# WHAT IS NEEDED
Read the records below. Copy each line where the string "nonzero" occurs.

# DATASET RECORDS
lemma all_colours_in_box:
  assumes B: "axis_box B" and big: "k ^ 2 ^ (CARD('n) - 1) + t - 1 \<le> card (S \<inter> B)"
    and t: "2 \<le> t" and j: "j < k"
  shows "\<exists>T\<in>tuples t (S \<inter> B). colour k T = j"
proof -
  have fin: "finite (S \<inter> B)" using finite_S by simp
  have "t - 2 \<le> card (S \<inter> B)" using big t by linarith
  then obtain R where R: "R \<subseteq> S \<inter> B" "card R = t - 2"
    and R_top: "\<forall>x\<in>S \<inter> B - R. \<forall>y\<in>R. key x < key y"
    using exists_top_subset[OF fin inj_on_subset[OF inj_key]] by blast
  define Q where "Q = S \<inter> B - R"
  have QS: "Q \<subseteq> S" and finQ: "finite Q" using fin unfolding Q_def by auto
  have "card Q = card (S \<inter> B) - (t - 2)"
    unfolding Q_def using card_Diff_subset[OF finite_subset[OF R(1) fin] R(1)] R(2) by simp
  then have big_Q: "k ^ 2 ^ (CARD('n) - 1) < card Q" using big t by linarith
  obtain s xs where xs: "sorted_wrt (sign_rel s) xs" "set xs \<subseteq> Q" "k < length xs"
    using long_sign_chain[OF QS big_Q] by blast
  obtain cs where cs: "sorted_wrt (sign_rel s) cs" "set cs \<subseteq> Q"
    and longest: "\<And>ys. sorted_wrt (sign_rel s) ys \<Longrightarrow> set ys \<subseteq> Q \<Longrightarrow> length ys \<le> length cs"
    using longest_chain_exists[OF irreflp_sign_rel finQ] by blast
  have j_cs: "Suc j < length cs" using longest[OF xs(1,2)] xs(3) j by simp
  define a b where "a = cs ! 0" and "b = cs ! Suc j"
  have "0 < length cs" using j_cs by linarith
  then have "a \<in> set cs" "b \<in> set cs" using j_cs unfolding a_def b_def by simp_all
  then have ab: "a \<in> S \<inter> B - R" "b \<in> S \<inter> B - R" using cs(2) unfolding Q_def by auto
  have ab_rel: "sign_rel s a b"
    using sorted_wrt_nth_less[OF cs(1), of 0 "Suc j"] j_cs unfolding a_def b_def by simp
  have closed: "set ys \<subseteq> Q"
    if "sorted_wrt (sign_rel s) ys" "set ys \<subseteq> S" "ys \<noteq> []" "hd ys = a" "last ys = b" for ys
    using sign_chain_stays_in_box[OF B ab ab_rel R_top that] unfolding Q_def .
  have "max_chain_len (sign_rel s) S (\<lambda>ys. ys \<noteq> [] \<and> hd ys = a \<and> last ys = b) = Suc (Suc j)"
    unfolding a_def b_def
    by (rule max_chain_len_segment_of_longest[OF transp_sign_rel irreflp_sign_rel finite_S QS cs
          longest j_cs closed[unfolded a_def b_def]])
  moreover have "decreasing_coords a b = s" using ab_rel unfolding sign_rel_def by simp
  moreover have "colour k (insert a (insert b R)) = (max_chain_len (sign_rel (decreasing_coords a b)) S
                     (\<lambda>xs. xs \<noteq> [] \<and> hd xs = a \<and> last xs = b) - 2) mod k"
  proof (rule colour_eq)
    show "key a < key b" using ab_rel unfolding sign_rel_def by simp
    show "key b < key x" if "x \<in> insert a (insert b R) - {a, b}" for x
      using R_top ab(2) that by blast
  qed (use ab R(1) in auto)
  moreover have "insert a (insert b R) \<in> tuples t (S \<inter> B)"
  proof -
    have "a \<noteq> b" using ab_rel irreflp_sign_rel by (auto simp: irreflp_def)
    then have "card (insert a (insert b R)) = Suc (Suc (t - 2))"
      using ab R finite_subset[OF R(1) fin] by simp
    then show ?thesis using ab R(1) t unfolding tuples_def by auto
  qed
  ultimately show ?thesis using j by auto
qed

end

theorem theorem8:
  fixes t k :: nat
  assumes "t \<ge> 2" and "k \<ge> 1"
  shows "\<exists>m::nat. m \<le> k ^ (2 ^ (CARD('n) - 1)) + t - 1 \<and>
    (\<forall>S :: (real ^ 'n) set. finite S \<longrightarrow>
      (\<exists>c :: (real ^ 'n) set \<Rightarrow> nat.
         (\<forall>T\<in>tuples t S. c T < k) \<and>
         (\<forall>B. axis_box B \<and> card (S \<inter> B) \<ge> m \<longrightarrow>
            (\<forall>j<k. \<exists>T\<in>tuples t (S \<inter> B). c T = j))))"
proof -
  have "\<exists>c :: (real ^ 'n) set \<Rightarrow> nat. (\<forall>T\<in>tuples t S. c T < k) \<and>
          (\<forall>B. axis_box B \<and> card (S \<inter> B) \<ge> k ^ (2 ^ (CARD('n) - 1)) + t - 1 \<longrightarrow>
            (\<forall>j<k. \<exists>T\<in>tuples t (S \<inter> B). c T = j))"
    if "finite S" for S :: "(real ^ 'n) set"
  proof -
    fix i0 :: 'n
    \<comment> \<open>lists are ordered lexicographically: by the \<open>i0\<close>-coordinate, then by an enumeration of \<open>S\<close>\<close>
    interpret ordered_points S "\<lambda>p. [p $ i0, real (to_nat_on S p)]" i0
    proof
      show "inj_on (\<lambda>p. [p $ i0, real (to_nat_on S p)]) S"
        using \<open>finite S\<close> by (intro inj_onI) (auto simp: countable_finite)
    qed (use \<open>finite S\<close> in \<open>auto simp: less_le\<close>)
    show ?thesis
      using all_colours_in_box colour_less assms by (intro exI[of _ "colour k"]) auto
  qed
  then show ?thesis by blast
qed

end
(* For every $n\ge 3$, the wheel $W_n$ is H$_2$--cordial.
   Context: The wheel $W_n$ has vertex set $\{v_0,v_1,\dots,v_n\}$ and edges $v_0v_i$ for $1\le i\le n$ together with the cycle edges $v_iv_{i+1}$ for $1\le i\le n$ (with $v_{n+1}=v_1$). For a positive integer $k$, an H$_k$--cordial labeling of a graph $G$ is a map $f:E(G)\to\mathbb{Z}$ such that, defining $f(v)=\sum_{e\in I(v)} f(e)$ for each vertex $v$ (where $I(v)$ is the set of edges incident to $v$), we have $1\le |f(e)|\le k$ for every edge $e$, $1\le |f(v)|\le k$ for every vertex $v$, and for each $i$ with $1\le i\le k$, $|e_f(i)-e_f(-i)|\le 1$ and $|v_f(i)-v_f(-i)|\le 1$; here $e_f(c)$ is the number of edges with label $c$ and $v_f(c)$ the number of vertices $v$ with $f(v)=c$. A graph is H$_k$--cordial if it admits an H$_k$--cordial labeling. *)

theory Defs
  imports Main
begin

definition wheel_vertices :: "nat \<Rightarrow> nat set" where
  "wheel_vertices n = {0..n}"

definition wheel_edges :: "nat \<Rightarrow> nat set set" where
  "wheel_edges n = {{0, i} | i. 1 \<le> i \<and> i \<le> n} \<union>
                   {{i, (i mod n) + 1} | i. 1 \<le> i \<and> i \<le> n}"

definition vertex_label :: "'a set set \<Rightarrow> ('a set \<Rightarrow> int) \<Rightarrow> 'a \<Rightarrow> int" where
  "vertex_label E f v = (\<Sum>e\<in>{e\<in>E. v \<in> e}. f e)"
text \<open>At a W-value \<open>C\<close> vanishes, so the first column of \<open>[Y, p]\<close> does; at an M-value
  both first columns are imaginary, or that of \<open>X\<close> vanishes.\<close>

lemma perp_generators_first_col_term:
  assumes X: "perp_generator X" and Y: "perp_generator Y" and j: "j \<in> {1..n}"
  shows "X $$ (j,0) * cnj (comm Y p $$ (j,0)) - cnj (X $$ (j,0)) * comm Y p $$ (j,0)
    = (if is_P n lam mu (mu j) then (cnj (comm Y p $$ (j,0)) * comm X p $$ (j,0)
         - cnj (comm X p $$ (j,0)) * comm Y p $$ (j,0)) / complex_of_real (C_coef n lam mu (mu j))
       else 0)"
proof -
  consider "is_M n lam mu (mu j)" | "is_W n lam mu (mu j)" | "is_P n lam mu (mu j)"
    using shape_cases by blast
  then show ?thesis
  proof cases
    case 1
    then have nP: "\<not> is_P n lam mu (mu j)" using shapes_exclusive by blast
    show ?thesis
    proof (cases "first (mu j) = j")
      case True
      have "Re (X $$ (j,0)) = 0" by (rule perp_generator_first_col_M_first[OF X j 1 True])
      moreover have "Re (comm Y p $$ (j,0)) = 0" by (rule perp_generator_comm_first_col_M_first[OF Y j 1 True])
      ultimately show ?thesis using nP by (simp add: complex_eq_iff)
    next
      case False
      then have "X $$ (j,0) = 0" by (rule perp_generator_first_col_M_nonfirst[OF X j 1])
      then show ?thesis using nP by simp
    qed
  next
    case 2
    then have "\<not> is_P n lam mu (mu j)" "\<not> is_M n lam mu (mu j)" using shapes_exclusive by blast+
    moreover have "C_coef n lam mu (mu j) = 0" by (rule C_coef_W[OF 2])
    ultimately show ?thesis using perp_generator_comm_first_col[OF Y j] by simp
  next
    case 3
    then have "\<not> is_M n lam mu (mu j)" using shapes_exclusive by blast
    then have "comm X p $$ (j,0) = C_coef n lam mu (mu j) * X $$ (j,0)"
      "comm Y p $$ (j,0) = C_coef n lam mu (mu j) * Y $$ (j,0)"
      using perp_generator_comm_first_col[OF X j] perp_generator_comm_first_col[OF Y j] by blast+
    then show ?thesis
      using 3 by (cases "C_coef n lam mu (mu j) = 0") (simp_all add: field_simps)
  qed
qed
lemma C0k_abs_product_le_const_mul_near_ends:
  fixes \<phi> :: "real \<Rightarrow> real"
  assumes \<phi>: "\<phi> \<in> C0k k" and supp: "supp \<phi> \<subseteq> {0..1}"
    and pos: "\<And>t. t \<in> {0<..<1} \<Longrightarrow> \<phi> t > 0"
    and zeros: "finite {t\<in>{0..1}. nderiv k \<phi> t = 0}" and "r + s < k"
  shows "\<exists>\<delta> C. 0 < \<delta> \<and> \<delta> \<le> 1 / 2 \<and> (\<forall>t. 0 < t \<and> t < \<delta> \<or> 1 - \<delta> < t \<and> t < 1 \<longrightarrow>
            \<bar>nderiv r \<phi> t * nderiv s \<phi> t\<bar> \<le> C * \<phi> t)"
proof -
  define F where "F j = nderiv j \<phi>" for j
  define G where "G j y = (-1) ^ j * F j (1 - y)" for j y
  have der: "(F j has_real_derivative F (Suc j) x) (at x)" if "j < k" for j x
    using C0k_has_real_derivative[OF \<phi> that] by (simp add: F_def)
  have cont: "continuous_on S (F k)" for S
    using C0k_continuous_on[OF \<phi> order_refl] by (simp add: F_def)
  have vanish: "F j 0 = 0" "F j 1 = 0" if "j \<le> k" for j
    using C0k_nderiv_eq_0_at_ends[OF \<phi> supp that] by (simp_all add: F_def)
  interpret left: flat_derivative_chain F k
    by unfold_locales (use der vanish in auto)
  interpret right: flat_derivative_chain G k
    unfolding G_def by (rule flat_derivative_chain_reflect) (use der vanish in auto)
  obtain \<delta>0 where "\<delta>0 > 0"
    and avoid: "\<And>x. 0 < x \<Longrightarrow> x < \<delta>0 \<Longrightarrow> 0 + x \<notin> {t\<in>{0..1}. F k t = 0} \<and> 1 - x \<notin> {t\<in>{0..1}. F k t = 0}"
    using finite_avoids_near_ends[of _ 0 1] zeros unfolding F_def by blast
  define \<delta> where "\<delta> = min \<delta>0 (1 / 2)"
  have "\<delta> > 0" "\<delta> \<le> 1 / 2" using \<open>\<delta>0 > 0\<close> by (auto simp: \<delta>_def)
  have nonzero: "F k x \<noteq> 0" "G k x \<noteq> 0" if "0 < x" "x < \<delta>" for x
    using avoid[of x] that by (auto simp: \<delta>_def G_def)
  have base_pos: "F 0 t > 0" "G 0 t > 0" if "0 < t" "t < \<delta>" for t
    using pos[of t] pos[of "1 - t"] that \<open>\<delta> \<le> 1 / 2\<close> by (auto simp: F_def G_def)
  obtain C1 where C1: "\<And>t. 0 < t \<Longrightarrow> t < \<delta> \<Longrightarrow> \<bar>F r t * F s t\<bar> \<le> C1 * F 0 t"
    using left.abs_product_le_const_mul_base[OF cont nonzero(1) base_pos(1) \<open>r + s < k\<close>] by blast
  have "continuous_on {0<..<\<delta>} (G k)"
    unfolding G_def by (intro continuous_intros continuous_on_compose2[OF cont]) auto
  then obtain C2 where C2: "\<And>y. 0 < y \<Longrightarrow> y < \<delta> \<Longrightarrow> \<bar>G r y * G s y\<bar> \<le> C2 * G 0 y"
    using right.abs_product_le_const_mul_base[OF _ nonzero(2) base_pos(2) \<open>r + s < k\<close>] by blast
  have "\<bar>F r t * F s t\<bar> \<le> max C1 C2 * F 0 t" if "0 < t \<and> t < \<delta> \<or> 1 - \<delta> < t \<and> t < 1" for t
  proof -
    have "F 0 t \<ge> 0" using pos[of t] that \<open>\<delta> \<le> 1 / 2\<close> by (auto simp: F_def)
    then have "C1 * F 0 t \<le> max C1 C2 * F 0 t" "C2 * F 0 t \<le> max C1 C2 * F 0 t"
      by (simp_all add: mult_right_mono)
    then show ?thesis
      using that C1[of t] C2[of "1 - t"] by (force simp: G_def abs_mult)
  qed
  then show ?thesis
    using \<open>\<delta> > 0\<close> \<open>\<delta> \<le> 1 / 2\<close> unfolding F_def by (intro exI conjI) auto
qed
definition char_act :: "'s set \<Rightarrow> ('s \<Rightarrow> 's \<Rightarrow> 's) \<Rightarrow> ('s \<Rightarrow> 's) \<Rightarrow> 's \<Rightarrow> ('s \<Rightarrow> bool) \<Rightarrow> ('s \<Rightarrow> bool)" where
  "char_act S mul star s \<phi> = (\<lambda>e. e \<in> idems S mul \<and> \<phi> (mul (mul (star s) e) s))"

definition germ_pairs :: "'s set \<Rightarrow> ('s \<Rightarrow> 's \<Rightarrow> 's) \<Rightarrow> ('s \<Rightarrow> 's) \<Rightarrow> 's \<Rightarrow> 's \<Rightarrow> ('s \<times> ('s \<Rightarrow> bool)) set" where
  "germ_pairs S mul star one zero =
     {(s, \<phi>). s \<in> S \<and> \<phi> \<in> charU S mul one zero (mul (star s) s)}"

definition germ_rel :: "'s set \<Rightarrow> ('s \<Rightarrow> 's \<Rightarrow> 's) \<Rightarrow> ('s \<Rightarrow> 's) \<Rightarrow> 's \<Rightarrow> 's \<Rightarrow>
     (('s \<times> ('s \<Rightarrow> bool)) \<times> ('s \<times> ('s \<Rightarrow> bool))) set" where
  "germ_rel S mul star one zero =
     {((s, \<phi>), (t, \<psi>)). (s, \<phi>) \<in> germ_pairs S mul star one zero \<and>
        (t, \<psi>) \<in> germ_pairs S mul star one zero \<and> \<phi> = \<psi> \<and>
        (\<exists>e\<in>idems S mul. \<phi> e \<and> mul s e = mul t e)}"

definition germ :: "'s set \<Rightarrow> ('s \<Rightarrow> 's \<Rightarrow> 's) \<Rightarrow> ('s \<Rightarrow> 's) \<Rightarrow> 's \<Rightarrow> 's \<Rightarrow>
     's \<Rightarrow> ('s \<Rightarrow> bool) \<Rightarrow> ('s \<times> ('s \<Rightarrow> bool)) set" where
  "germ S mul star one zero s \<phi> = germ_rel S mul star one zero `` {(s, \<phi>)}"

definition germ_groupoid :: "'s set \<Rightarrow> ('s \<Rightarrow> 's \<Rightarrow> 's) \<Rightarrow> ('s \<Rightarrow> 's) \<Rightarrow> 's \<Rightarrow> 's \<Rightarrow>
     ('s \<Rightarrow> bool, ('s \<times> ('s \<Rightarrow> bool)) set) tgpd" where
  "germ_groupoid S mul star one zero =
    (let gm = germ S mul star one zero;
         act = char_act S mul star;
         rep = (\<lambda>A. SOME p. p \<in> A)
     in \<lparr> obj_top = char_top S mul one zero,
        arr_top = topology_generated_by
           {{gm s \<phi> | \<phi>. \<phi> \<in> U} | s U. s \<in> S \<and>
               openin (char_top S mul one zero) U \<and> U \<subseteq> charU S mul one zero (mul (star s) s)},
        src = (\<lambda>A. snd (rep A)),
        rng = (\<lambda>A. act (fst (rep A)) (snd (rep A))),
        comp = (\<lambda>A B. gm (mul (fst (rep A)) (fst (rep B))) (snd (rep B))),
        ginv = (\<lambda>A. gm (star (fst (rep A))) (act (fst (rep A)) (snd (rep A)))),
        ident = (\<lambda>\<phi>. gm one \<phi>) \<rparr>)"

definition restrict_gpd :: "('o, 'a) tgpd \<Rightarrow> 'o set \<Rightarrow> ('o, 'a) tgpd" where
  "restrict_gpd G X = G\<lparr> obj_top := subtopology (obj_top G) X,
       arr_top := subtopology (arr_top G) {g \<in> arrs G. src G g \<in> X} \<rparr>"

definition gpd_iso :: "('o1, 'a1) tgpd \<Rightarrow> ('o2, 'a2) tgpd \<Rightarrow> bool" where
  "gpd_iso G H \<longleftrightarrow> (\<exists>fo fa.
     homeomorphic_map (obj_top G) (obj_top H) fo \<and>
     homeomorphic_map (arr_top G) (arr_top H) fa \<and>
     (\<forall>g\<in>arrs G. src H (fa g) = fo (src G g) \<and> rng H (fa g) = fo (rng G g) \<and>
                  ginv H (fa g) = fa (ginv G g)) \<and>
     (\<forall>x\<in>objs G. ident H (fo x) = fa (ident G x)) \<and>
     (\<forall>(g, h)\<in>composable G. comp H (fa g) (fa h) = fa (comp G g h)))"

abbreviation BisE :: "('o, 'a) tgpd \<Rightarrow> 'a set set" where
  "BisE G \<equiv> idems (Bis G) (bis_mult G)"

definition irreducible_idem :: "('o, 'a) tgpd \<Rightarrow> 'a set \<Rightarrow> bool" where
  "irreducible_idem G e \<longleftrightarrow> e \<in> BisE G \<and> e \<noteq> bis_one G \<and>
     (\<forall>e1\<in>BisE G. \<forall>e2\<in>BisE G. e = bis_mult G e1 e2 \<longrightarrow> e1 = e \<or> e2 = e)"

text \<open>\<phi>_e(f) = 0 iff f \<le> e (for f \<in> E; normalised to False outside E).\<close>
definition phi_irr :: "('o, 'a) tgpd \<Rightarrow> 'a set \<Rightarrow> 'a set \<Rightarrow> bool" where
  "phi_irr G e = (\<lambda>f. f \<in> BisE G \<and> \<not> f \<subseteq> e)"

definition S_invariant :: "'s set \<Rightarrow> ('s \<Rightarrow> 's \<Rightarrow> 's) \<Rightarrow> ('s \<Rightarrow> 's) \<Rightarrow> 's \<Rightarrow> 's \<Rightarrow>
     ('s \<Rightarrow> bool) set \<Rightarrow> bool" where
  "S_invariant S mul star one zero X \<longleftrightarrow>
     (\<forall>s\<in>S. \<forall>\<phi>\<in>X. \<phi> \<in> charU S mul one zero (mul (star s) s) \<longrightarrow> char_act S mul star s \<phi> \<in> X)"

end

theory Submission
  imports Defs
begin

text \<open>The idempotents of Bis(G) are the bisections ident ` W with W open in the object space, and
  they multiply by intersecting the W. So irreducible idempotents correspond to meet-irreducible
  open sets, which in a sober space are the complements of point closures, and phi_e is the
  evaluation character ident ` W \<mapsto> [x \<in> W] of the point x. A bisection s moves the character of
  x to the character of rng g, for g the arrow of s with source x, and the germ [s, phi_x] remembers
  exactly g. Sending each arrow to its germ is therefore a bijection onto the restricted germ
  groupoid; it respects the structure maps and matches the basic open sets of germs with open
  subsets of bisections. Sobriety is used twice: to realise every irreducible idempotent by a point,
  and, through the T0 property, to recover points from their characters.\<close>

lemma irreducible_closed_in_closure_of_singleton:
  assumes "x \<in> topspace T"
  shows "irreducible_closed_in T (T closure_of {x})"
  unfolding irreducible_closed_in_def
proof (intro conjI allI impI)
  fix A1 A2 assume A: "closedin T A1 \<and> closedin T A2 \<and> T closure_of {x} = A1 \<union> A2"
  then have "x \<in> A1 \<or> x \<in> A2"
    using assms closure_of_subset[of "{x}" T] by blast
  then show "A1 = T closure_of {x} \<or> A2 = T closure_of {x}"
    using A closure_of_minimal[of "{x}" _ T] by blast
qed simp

# RESULT OF THE EXERCISE
  have nonzero: "F k x \<noteq> 0" "G k x \<noteq> 0" if "0 < x" "x < \<delta>" for x
    using left.abs_product_le_const_mul_base[OF cont nonzero(1) base_pos(1) \<open>r + s < k\<close>] by blast
    using right.abs_product_le_const_mul_base[OF _ nonzero(2) base_pos(2) \<open>r + s < k\<close>] by blast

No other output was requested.